Figure 1-5 reinforces these concepts by illustrating that downstream product changes are more
costly and that upstream changes are easier (and less costly) to make. When planners try to save
money at an early design stage, the result is often a poor design, calling for change orders during
construction and prototype development. These changes, in turn, are more costly than working out a
better design would have been.
The figures are illustrated as follows.
2. COST ESTIMATION
a) Rough estimates
Rough estimates tend to involve little detail or accuracy. The intent is to quantify and consider the
order of magnitude of the numbers involved. These estimates require minimum resources to
develop, and their accuracy is generally -30% to +60%. They are used in a project's initial planning
and evaluation phases.
c) Detailed estimates
Detailed estimates involve the most time and resources to develop and thus are much more accurate
than rough or semi detailed estimates.

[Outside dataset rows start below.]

(* Let $\mathcal{C}=\mathrm{CSS}(C_X,C_Z)$ be an $[[n,k,d]]_2$ CSS code exhibiting $(c_1,c_2,\epsilon_0)$-clustering, let $\epsilon<\frac{1}{1000}\min\{\frac{\epsilon_0}{2},\frac{c_2}{4c_1},\frac{d}{2c_1n}\}$ and $\epsilon'=1000\epsilon$. For $y\in G_Z^{\epsilon'}$ define $\mathrm{Cl}(y)=\{y'\in G_Z^{\epsilon'}:|y+y'|_{C_X^\perp}\le 2c_1\epsilon' n\}$. Then the sets $\mathrm{Cl}(y)$, $y\in G_Z^{\epsilon'}$, form a partition of $G_Z^{\epsilon'}$ (any two are equal or disjoint, and $y\in\mathrm{Cl}(y)$), and moreover: (1) any two distinct clusters $\mathrm{Cl}(y)\ne\mathrm{Cl}(y')$ satisfy $\mathrm{dis}(\mathrm{Cl}(y),\mathrm{Cl}(y'))\ge c_2n$; (2) for every $y\in G_Z^{\epsilon'}$ and $c\in C_Z$, $\mathrm{Cl}(y+c)=\mathrm{Cl}(y)+c$, and $\mathrm{Cl}(y+c)=\mathrm{Cl}(y)$ if and only if $c\in C_X^\perp$.
   Context: Over $\mathbb{F}_2$: $C_X=\ker H_X$, $C_Z=\ker H_Z$, $H_X\in\mathbb{F}_2^{m_X\times n}$, $H_Z\in\mathbb{F}_2^{m_Z\times n}$, $C_X^\perp\subseteq C_Z$, distance $d=\min\{|y|:y\in(C_Z\setminus C_X^\perp)\cup(C_X\setminus C_Z^\perp)\}$. $|y|_C=\min_{y'\in C}|y+y'|$, $\mathrm{dis}(S,T)=\min_{s\in S,t\in T}|s-t|$, $G_X^\epsilon=\{y:|H_Xy|\le\epsilon m_X\}$, $G_Z^\epsilon=\{y:|H_Zy|\le\epsilon m_Z\}$. $(c_1,c_2,\epsilon_0)$-clustering: for all $0<\epsilon<\epsilon_0$, every $y\in G_X^\epsilon$ has $|y|_{C_Z^\perp}\le c_1\epsilon n$ or $\ge c_2 n$, and every $y\in G_Z^\epsilon$ has $|y|_{C_X^\perp}\le c_1\epsilon n$ or $\ge c_2n$. *)

theory Defs
  imports Main "HOL-Library.Extended_Nat"
begin

text \<open>A vector y in F_2^n is represented by its support, a set
  y \<subseteq> {..<n}. Addition over F_2 is symmetric difference, Hamming weight is card.
  A matrix H in F_2^(m x n) is represented by the supports of its rows:
  H i \<subseteq> {..<n} is the support of row i, for i < m.\<close>

definition vecs :: "nat \<Rightarrow> nat set set" where
  "vecs n = Pow {..<n}"

definition vadd :: "nat set \<Rightarrow> nat set \<Rightarrow> nat set" where
  "vadd a b = (a - b) \<union> (b - a)"

definition syn :: "nat \<Rightarrow> (nat \<Rightarrow> nat set) \<Rightarrow> nat set \<Rightarrow> nat set" where
  "syn m H y = {i. i < m \<and> odd (card (H i \<inter> y))}"

definition kerH :: "nat \<Rightarrow> nat \<Rightarrow> (nat \<Rightarrow> nat set) \<Rightarrow> nat set set" where
  "kerH n m H = {y \<in> vecs n. syn m H y = {}}"

definition dual :: "nat \<Rightarrow> nat set set \<Rightarrow> nat set set" where
  "dual n C = {y \<in> vecs n. \<forall>c\<in>C. even (card (y \<inter> c))}"

definition cwt :: "nat set set \<Rightarrow> nat set \<Rightarrow> nat" where
  "cwt C y = Min {card (vadd y y') | y'. y' \<in> C}"

definition dis :: "nat set set \<Rightarrow> nat set set \<Rightarrow> nat" where
  "dis S T = Min {card (vadd s t) | s t. s \<in> S \<and> t \<in> T}"

definition Gset :: "nat \<Rightarrow> nat \<Rightarrow> (nat \<Rightarrow> nat set) \<Rightarrow> real \<Rightarrow> nat set set" where
  "Gset n m H eps = {y \<in> vecs n. real (card (syn m H y)) \<le> eps * real m}"

text \<open>CSS code distance (infinity if there is no logical operator).\<close>
definition css_dist :: "nat \<Rightarrow> nat \<Rightarrow> (nat \<Rightarrow> nat set) \<Rightarrow> nat \<Rightarrow> (nat \<Rightarrow> nat set) \<Rightarrow> enat" where
  "css_dist n mX HX mZ HZ =
     (INF y \<in> (kerH n mZ HZ - dual n (kerH n mX HX)) \<union> (kerH n mX HX - dual n (kerH n mZ HZ)).
        enat (card y))"

definition clustering :: "nat \<Rightarrow> nat \<Rightarrow> (nat \<Rightarrow> nat set) \<Rightarrow> nat \<Rightarrow> (nat \<Rightarrow> nat set)
    \<Rightarrow> real \<Rightarrow> real \<Rightarrow> real \<Rightarrow> bool" where
  "clustering n mX HX mZ HZ c1 c2 eps0 \<longleftrightarrow>
    (\<forall>eps. 0 < eps \<and> eps < eps0 \<longrightarrow>
      (\<forall>y \<in> Gset n mX HX eps.
         real (cwt (dual n (kerH n mZ HZ)) y) \<le> c1 * eps * real n
       \<or> real (cwt (dual n (kerH n mZ HZ)) y) \<ge> c2 * real n) \<and>
      (\<forall>y \<in> Gset n mZ HZ eps.
         real (cwt (dual n (kerH n mX HX)) y) \<le> c1 * eps * real n
       \<or> real (cwt (dual n (kerH n mX HX)) y) \<ge> c2 * real n))"

definition cluster :: "nat \<Rightarrow> nat \<Rightarrow> (nat \<Rightarrow> nat set) \<Rightarrow> nat \<Rightarrow> (nat \<Rightarrow> nat set)
    \<Rightarrow> real \<Rightarrow> real \<Rightarrow> nat set \<Rightarrow> nat set set" where
  "cluster n mX HX mZ HZ c1 eps' y =
     {y' \<in> Gset n mZ HZ eps'.
        real (cwt (dual n (kerH n mX HX)) (vadd y y')) \<le> 2 * c1 * eps' * real n}"

end

theory Submission imports Defs begin

text \<open>On G_Z^eps' the relation "|y + y'|_{C_X^perp} <= 2 c1 eps' n" is an equivalence:
  y + y' lies in G_Z^{2 eps'}, so by clustering its coset weight is either
  at most c1 (2 eps') n or at least c2 n, and the choice of eps leaves a gap between
  twice the first bound and the second, which forces transitivity. Points of distinct
  clusters are then at coset weight, hence Hamming distance, at least c2 n. Adding
  c \<in> C_Z preserves syndromes, so it translates clusters; it fixes a cluster only if
  |c|_{C_X^perp} <= 2 c1 eps' n < d, and an element of C_Z of coset weight below d
  lies in C_X^perp.\<close>

lemma vadd_commute: "vadd a b = vadd b a"
  unfolding vadd_def by blast

lemma vadd_self: "vadd a a = {}"
  unfolding vadd_def by blast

The accuracy of these estimates is generally -3 to +5%. They
are used during a project's detailed design and contract bidding phases.
In considering the three types of estimate it is important to recognize that each has its unique
purpose, place, and function in a project's life. As one moves from rough to detailed design, one
moves from less to much more accurate estimates.
However, this increased accuracy requires added time and resources. Figure 1.6 illustrates the trade-
off between accuracy and cost. In engineering economic analysis, the resources spent must be
justified by the need for detail in the estimate. As an illustration, during the project feasibility stages
we would not want to use our resources (people, time, and money) to develop detailed estimates for
unfeasible alternatives that will be quickly eliminated from further consideration.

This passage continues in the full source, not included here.